**Task description**: Report how many lines in the following entries contain "rule". Nothing else should be given.

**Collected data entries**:

(* Let $10\le n\le 12$, and let $\frac{p_1}{q_1},\frac{p_2}{q_2},\frac{p_3}{q_3},\dots$ be the convergents (in lowest terms) of the simple continued fraction expansion of $\sqrt n$, indexed so that $\frac{p_1}{q_1}=\frac31$. (1) For each positive odd integer $k$, set $d_k=\frac12(p_k-3)$, $m_k=\frac12(q_k-1)$ and $D_k=d_kH-m_kE$. Then $D_k$ is an integral effective divisor class with $\chi(D_k)=1$ and $2B\cdot D_k<B\cdot K$. (2) If $D$ is an effective divisor class with $\chi(D)\ge1$ and there is an ample divisor $A_t$ with $2A_t\cdot D<A_t\cdot K$, then $D=D_k$ for some positive odd integer $k$.
   Context: Let $X$ be the blowup of $\mathbb{P}^2_{\mathbb{C}}$ at $n$ very general points, with $H$ the pullback of a line class, $E_i$ the exceptional divisors, $E=\sum_iE_i$, and $K=K_X=-3H+E$. For real $t$, $A_t=tH-E$, and $B=\sqrt nH-E$. Write $\chi(D)=\chi(\mathcal{O}_X(D))$; effective means the class of an effective divisor (zero allowed). *)

theory Defs
  imports Complex_Main
begin

fun cf_rem :: "real \<Rightarrow> nat \<Rightarrow> real" where
  "cf_rem x 0 = x"
| "cf_rem x (Suc i) = 1 / (cf_rem x i - of_int \<lfloor>cf_rem x i\<rfloor>)"

definition cf_a :: "real \<Rightarrow> nat \<Rightarrow> int" where
  "cf_a x i = \<lfloor>cf_rem x i\<rfloor>"
lemma all_factors_framed_twice:
  assumes c: "all_factors P k (framed g h mid)" and k: "k \<le> 4"
    and junction: "all_factors P k [geninv h, geninv g, gen h, gen g, geninv h, gen g]"
  shows "all_factors P k (framed g h mid @ framed g h mid)"
proof -
  let ?X = "gen g # [geninv h, gen g, gen h] @ mid"
  let ?Y = "[gen h] @ mid @ [geninv h, geninv g, gen h]"
  have c1: "framed g h mid = ?X @ [geninv h, geninv g, gen h]"
    and c2: "framed g h mid = [gen g, geninv h, gen g] @ ?Y"
    by (simp_all add: framed_def)
  have "all_factors P k ([geninv h, geninv g, gen h] @ [gen g, geninv h, gen g] @ ?Y)"
    by (rule all_factors_append_overlap) (use junction c c2 k in simp_all)
  then have "all_factors P k (?X @ [geninv h, geninv g, gen h] @ [gen g, geninv h, gen g] @ ?Y)"
    by (rule all_factors_append_overlap[rotated]) (use c c1 k in simp_all)
  then show ?thesis using c1 c2 by (metis append.assoc)
qed

lemma reduce_conjugate:
  assumes "all_factors non_cancelling 2 (framed g h mid)"
    and "all_factors non_cancelling 2 (gen g # word_inv (framed g h mid) @ tl (framed g h mid))"
  shows "reduce ([gen g] @ word_inv (framed g h mid) @ [geninv g] @ framed g h mid)
    = gen g # word_inv (framed g h mid) @ tl (framed g h mid)"
proof -
  let ?c = "framed g h mid"
  have "reduce ([geninv g] @ ?c) = tl ?c"
    using reduce_eq_self[OF assms(1)]
    by (simp add: reduce_Cons framed_def letter_simps)
  also have "\<dots> = reduce (tl ?c)"
    by (rule reduce_eq_self[symmetric], rule all_factors_sublist[OF assms(1)]) simp
  finally have "reduce (([gen g] @ word_inv ?c) @ [geninv g] @ ?c) = reduce (([gen g] @ word_inv ?c) @ tl ?c)"
    by (simp only: reduce_append[of "[gen g] @ word_inv ?c"])
  then show ?thesis using reduce_eq_self[OF assms(2)] by simp
qed

lemma comm_Suc_Suc_framed:
  assumes gh: "g \<noteq> h"
  shows "\<exists>mid. comm g h (Suc (Suc m)) = framed g h mid
    \<and> all_factors non_cancelling 2 (framed g h mid) \<and> all_factors (magic g h) 4 (framed g h mid)"
proof (induction m)
  case 0
  have "comm g h (Suc (Suc 0)) = framed g h [geninv g]"
    using gh by (simp add: reduce_def framed_def letter_simps)
  moreover have "all_factors non_cancelling 2 (framed g h [geninv g])"
    and "all_factors (magic g h) 4 (framed g h [geninv g])"
    using gh by (simp_all add: framed_def all_factors_Cons all_factors_Nil
        magic_iff_length_filter sublist_code letter_simps)
  ultimately show ?case by blast
next
  case (Suc m)
  then obtain mid where c: "comm g h (Suc (Suc m)) = framed g h mid"
    and reduced: "all_factors non_cancelling 2 (framed g h mid)"
    and magic: "all_factors (magic g h) 4 (framed g h mid)"
    by blast
  let ?d = "gen g # word_inv (framed g h mid) @ tl (framed g h mid)"
  have reduced': "all_factors non_cancelling 2 ?d"
    by (rule all_factors_framed_conjugate[OF reduced non_cancelling_word_inv])
      (use gh in \<open>simp_all add: all_factors_Cons all_factors_Nil letter_simps\<close>)
  have magic': "all_factors (magic g h) 4 ?d"
    by (rule all_factors_framed_conjugate[OF magic magic_word_inv])
      (use gh in \<open>simp_all add: all_factors_Cons all_factors_Nil magic_iff_length_filter
        sublist_code letter_simps\<close>)
  have "comm g h (Suc (Suc (Suc m))) = ?d"
    using reduce_conjugate[OF reduced reduced'] c by (simp add: Let_def)
  then show ?case using reduced' magic' framed_conjugate by metis
qed

lemma all_factors_magic_comm_twice:
  assumes gh: "g \<noteq> h" and n: "1 \<le> n"
  shows "all_factors (magic g h) 4 (comm g h n @ comm g h n)"
proof (cases "n = 1")
  case True
  then show ?thesis using gh
    by (simp add: all_factors_Cons all_factors_Nil magic_iff_length_filter sublist_code letter_simps)
next
  case False
  with n obtain m where "n = Suc (Suc m)"
    by (metis One_nat_def Suc_le_D not0_implies_Suc not_one_le_zero)
  with comm_Suc_Suc_framed[OF gh] obtain mid where
    "comm g h n = framed g h mid" "all_factors (magic g h) 4 (framed g h mid)"
    by blast
  then show ?thesis using gh
    by (auto intro!: all_factors_framed_twice simp: all_factors_Cons all_factors_Nil
        magic_iff_length_filter sublist_code letter_simps)
qed

lemma sublist_rotate_append_self: "sublist (rotate k w) (w @ w)"
proof -
  let ?m = "k mod length w"
  have "w @ w = take ?m w @ (drop ?m w @ take ?m w) @ drop ?m w" by simp
  then show ?thesis unfolding rotate_drop_take by (metis sublist_appendI)
qed

theorem lemma3p14:
  fixes g h :: 'a and n :: nat and u :: "'a word"
  assumes "g \<noteq> h" and "n \<ge> 1"
    and "cyclic_subword u (comm g h n)" and "length u \<ge> 4"
  shows "magic g h u"
proof -
  let ?c = "comm g h n"
  have factors: "all_factors (magic g h) 4 (?c @ ?c)"
    using all_factors_magic_comm_twice[OF assms(1,2)] .
  from assms(3) obtain k where
    "sublist u (rotate k ?c) \<or> sublist (word_inv u) (rotate k ?c)"
    unfolding cyclic_subword_def linear_subword_eq_sublist by blast
  then have "sublist u (?c @ ?c) \<or> sublist (word_inv u) (?c @ ?c)"
    using sublist_rotate_append_self sublist_order.order_trans by blast
  then show ?thesis
    using magic_if_all_factors[OF factors] assms(4) magic_word_inv
    by (metis length_word_inv)
qed

end
(* Let $m,k,n\ge 1$ be integers; let $\lambda_i,\mu_i>0$ for $i\in\{1,\dots,k\}$ and $\alpha_j,\beta_j,u_j,v_j>0$ for $j\in\{1,\dots,n\}$; and let $\theta:\{0,\dots,m\}\to\mathbb{R}$ satisfy $0\le\theta(b)\le 1$ for all $b$, $\theta(b)>0$ for $b\in\{0,\dots,m-1\}$, and $\theta(m)=0$. Let $\mathcal{S}$ be the set of vectors $w=(x;a)=(x_1,\dots,x_k;a_1,\dots,a_n)$ with $x_i\in\mathbb{Z}_{\ge0}$, $a_j\in\{I,W,T\}$, and $\mathrm{busy}(w):=\sum_{i=1}^k x_i+\sum_{j=1}^n 1_{\{a_j=T\}}\le m$. Consider the CTMC on $\mathcal{S}$ whose only nonzero transition rates between states in $\mathcal{S}$ are: (i) $(x;a)\to(x+e_i;a)$ with rate $\lambda_i\theta(\mathrm{busy}(x;a))$ and $(x+e_i;a)\to(x;a)$ with rate $(x_i+1)\mu_i$, for each $i\in\{1,\dots,k\}$ ($e_i$ the $i$-th unit vector of length $k$); (ii) for each $j\in\{1,\dots,n\}$, changing only coordinate $a_j$: $I\to W$ with rate $\alpha_j$, $W\to I$ with rate $\beta_j$, $W\to T$ with rate $u_j\theta(\mathrm{busy}(w))$ where $w$ is the state before the transition, and $T\to W$ with rate $v_j$. Let $\rho_i=\lambda_i/\mu_i$. Then this CTMC is reversible and its steady state distribution is $$p(w)=B\cdot\Big(\prod_{r=0}^{\mathrm{busy}(w)-1}\theta(r)\Big)\Big(\prod_{i=1}^k\frac{\rho_i^{x_i}}{x_i!}\Big)\prod_{j=1}^n\Big(\frac{\alpha_j}{\beta_j}\Big)^{1_{\{a_j=W\}}}\Big(\frac{\alpha_ju_j}{\beta_jv_j}\Big)^{1_{\{a_j=T\}}}\qquad\forall w\in\mathcal{S},$$ where $B$ is the constant making the probabilities sum to $1$ and $\prod_{r=0}^{-1}\theta(r)=1$.
   Context: This models an access point with $m$ channels, $k$ classes of non-persistent users ($x_i$ = number of class $i$ users transmitting) and $n$ persistent users, each in activity state Idle ($I$), Waiting ($W$) or Transmitting ($T$); an access attempt made when $b$ channels are busy succeeds with probability $\theta(b)$. A CTMC is reversible if there is a probability mass function $p$ with $p(w)q_{w,z}=p(z)q_{z,w}$ for all states $w,z$. *)

theory Defs
  imports Complex_Main
begin

datatype act = Idle | Waiting | Transmitting

text \<open>A state w = (x; a): x i is the number of transmitting class-i users (i in 1..k),
  a j the activity of persistent user j (j in 1..n). Outside these index ranges the
  components are fixed to 0 resp. Idle, so that states are canonical.\<close>
type_synonym state = "(nat \<Rightarrow> nat) \<times> (nat \<Rightarrow> act)"

definition busy :: "nat \<Rightarrow> nat \<Rightarrow> state \<Rightarrow> nat" where
  "busy k n w = (\<Sum>i=1..k. fst w i) + card {j\<in>{1..n}. snd w j = Transmitting}"

definition states :: "nat \<Rightarrow> nat \<Rightarrow> nat \<Rightarrow> state set" where
  "states m k n = {w. (\<forall>i. i \<notin> {1..k} \<longrightarrow> fst w i = 0) \<and>
                      (\<forall>j. j \<notin> {1..n} \<longrightarrow> snd w j = Idle) \<and> busy k n w \<le> m}"

definition up :: "nat \<Rightarrow> state \<Rightarrow> state" where
  "up i w = ((fst w)(i := fst w i + 1), snd w)"

definition setact :: "nat \<Rightarrow> act \<Rightarrow> state \<Rightarrow> state" where
  "setact j c w = (fst w, (snd w)(j := c))"

text \<open>Off-diagonal transition rate from w to z (only meaningful for w \<noteq> z).\<close>
definition rate ::
  "nat \<Rightarrow> nat \<Rightarrow> (nat \<Rightarrow> real) \<Rightarrow> (nat \<Rightarrow> real) \<Rightarrow> (nat \<Rightarrow> real) \<Rightarrow> (nat \<Rightarrow> real) \<Rightarrow>
   (nat \<Rightarrow> real) \<Rightarrow> (nat \<Rightarrow> real) \<Rightarrow> (nat \<Rightarrow> real) \<Rightarrow> state \<Rightarrow> state \<Rightarrow> real" where
  "rate k n theta lam mu alpha beta u v w z =
     (\<Sum>i=1..k. (if z = up i w then lam i * theta (busy k n w) else 0)
              + (if w = up i z then real (fst w i) * mu i else 0))
   + (\<Sum>j=1..n.
        (if snd w j = Idle \<and> z = setact j Waiting w then alpha j else 0)
      + (if snd w j = Waiting \<and> z = setact j Idle w then beta j else 0)
      + (if snd w j = Waiting \<and> z = setact j Transmitting w then u j * theta (busy k n w) else 0)
      + (if snd w j = Transmitting \<and> z = setact j Waiting w then v j else 0))"

definition is_pmf_on :: "'s set \<Rightarrow> ('s \<Rightarrow> real) \<Rightarrow> bool" where
  "is_pmf_on S p \<longleftrightarrow> (\<forall>w\<in>S. 0 \<le> p w) \<and> (\<Sum>w\<in>S. p w) = 1"

definition detailed_balance :: "'s set \<Rightarrow> ('s \<Rightarrow> 's \<Rightarrow> real) \<Rightarrow> ('s \<Rightarrow> real) \<Rightarrow> bool" where
  "detailed_balance S q p \<longleftrightarrow> (\<forall>w\<in>S. \<forall>z\<in>S. p w * q w z = p z * q z w)"

definition reversible_ctmc :: "'s set \<Rightarrow> ('s \<Rightarrow> 's \<Rightarrow> real) \<Rightarrow> bool" where
  "reversible_ctmc S q \<longleftrightarrow> (\<exists>p. is_pmf_on S p \<and> detailed_balance S q p)"

definition stationary_dist :: "'s set \<Rightarrow> ('s \<Rightarrow> 's \<Rightarrow> real) \<Rightarrow> ('s \<Rightarrow> real) \<Rightarrow> bool" where
  "stationary_dist S q p \<longleftrightarrow> is_pmf_on S p \<and>
     (\<forall>z\<in>S. (\<Sum>w\<in>S-{z}. p w * q w z) = p z * (\<Sum>y\<in>S-{z}. q z y))"

definition weight ::
  "nat \<Rightarrow> nat \<Rightarrow> (nat \<Rightarrow> real) \<Rightarrow> (nat \<Rightarrow> real) \<Rightarrow> (nat \<Rightarrow> real) \<Rightarrow> (nat \<Rightarrow> real) \<Rightarrow>
   (nat \<Rightarrow> real) \<Rightarrow> (nat \<Rightarrow> real) \<Rightarrow> (nat \<Rightarrow> real) \<Rightarrow> state \<Rightarrow> real" where
  "weight k n theta lam mu alpha beta u v w =
     (\<Prod>r<busy k n w. theta r)
   * (\<Prod>i=1..k. (lam i / mu i) ^ fst w i / fact (fst w i))
   * (\<Prod>j=1..n. (alpha j / beta j) ^ (if snd w j = Waiting then 1 else 0)
               * ((alpha j * u j) / (beta j * v j)) ^ (if snd w j = Transmitting then 1 else 0))"

end

theory Submission
  imports Defs
begin
(* For any $j \neq 1$ and any unit vector $s \in \mathbb{S}^{d-1}$, with $\Delta_w = w_1 - w_1^*$, $v = X-\mu_j^*$ and $\beta = (R_{j1}^* )^2/(64(\sigma_1^* \vee \sigma_j^* )^2)$, $$\mathbb{E}_{X\sim\mathcal{D}_j} [\Delta_w] \le \left( 3 (\pi_1^*/\pi_j^* ) + 5 \right) \exp \left(-\beta \right),\qquad |\mathbb{E}_{X\sim\mathcal{D}_j} [\Delta_w \langle v,s\rangle]| \le \left(3 (\pi_1^* / \pi_j^* ) \sigma_j^* + 5R_{j1}^* \right) \exp \left (-\beta \right).$$
   Context: $\mathcal{G}^*$ is a mixture with density $\sum_{l=1}^k \pi_l^* \mathcal{N}(\mu_l^*, (\sigma_l^* )^2 I_d)$ satisfying, for a universal constant $C\ge 64$, $\|\mu_i^* - \mu_l^*\| \ge C (\sigma_i^* \vee \sigma_l^* ) \sqrt{\log k + \log(\rho_\sigma \rho_\pi)}$ for all $i\ne l$, where $\rho_\pi = \max_i \pi_i^*/\min_i \pi_i^*$, $\rho_\sigma = \max_i \sigma_i^*/\min_i \sigma_i^*$. $\mathcal{D}_j = \mathcal{N}(\mu_j^*, (\sigma_j^* )^2 I_d)$ is the $j$-th component. Current estimates $\{(\pi_i,\mu_i,\sigma_i)\}$ satisfy for all $i$: $\|\mu_i - \mu_i^*\| \le \frac{\sigma_i^*}{16}\min_{l\ne i}\frac{\|\mu_i^*-\mu_l^*\|}{\sigma_i^*\vee\sigma_l^*}$, $|\pi_i-\pi_i^*|\le \pi_i^*/2$, $|\sigma_i^2-(\sigma_i^* )^2|\le 0.5(\sigma_i^* )^2/\sqrt d$. $R_{j1}^* = \|\mu_j^*-\mu_1^*\|$. The E-step weight is $w_1(X) = \frac{\pi_1 \exp(-\|X - \mu_1\|^2/(2 \sigma_1^2) - d \log (\sigma_1^2) / 2)}{\sum_{l=1}^k \pi_l \exp(-\|X - \mu_l\|^2/(2 \sigma_l^2) - d \log (\sigma_l^2) / 2)}$, and $w_1^*$ is the same expression with the true parameters in place of the estimates. *)

theory Defs
  imports "HOL-Analysis.Analysis"
begin

definition gauss_density :: "real ^ 'd \<Rightarrow> real \<Rightarrow> real ^ 'd \<Rightarrow> real" where
  "gauss_density mu sg x =
     (2 * pi * sg\<^sup>2) powr (- real CARD('d) / 2) * exp (- (norm (x - mu))\<^sup>2 / (2 * sg\<^sup>2))"

definition gauss_expect :: "real ^ 'd \<Rightarrow> real \<Rightarrow> (real ^ 'd \<Rightarrow> real) \<Rightarrow> real" where
  "gauss_expect mu sg f = (\<integral>x. gauss_density mu sg x * f x \<partial>lborel)"

definition comp_term :: "(nat \<Rightarrow> real) \<Rightarrow> (nat \<Rightarrow> real ^ 'd) \<Rightarrow> (nat \<Rightarrow> real) \<Rightarrow> nat \<Rightarrow> real ^ 'd \<Rightarrow> real" where
  "comp_term p m s l x =
     p l * exp (- (norm (x - m l))\<^sup>2 / (2 * (s l)\<^sup>2) - real CARD('d) * ln ((s l)\<^sup>2) / 2)"

definition estep_weight :: "nat \<Rightarrow> (nat \<Rightarrow> real) \<Rightarrow> (nat \<Rightarrow> real ^ 'd) \<Rightarrow> (nat \<Rightarrow> real) \<Rightarrow> nat \<Rightarrow> real ^ 'd \<Rightarrow> real" where
  "estep_weight k p m s i x = comp_term p m s i x / (\<Sum>l = 1..k. comp_term p m s l x)"

end

theory Submission
  imports Defs "HOL-Probability.Distributions"
begin

(* Write c_l(x) for the unnormalised likelihood term of component l. The E-step weight of
   component 1 is at most c_1/(c_1 + c_j), hence at most (c_1/c_j) powr (1/8), and likewise for
   the true weight. Against the density of D_j, the function (c_1/c_j) powr (1/8) times
   exp (+-<x - mu_j, s>/sigma_j) is the exponential of a concave quadratic in x: the exponent 1/8
   makes the positive term |x - m_j|^2/(16 sg_j^2) too weak to destroy concavity. Its integral is
   at most its maximum times a Gaussian normaliser. The factor 1/sqrt d in the variance assumption
   gives d (sigma_j^2/sg_j^2 - 1)^2 <= 1, which keeps the normaliser below exp (1/7) in every
   dimension, and the separation of mu_1 from mu_j puts the maximum of the exponent below
   -R^2/(64 M^2) - 3, where M = max sigma_1 sigma_j. Since exp y + exp (-y) dominates both 1 and |y|,
   these tilted integrals bound both the expectation of w_1 - w_1* and its first moment along s. *)

lemma ln_add_one_ge:
  fixes u :: real
  assumes "-1/2 \<le> u" "u \<le> 1"
  shows "u - 2 * u\<^sup>2 \<le> ln (1 + u)"
proof (cases "u \<ge> 0")
  case True
  then show ?thesis
    using ln_one_plus_pos_lower_bound[of u] assms zero_le_power2[of u] by linarith
next
  case False
  then show ?thesis
    using ln_one_minus_pos_lower_bound[of "-u"] assms by simp
qed

lemma ln_tilt_normaliser_le:
  fixes v r :: real
  assumes v: "v > 0" and r: "-1/2 \<le> r - 1" "r - 1 \<le> 1"
  shows "(ln v - ln r) / 16 - ln (1 + v/8 - r/8) / 2 \<le> (r - 1)\<^sup>2 / 7"
proof -
  define \<delta> where "\<delta> = r - 1"
  define y where "y = 1 - \<delta>/7"
  have y: "y > 0"
    using r by (simp add: y_def \<delta>_def)
  have mean: "1 + v/8 - r/8 = 1/8 * v + 7/8 * y"
    by (simp add: y_def \<delta>_def field_simps)
  have "1/8 * ln v + 7/8 * ln y \<le> ln (1 + v/8 - r/8)"
    unfolding mean using concave_onD[OF ln_concave, of "7/8" v y] v y by simp
  moreover have "- \<delta>/7 - 2 * (\<delta>/7)\<^sup>2 \<le> ln y"
    using ln_add_one_ge[of "- \<delta>/7"] r unfolding \<delta>_def[symmetric] by (simp add: y_def)
  moreover have "\<delta> - 2 * \<delta>\<^sup>2 \<le> ln r"
    using ln_add_one_ge[of \<delta>] r by (simp add: \<delta>_def)
  ultimately show ?thesis
    by (simp add: \<delta>_def power2_eq_square field_simps)
qed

**Final answer**: 5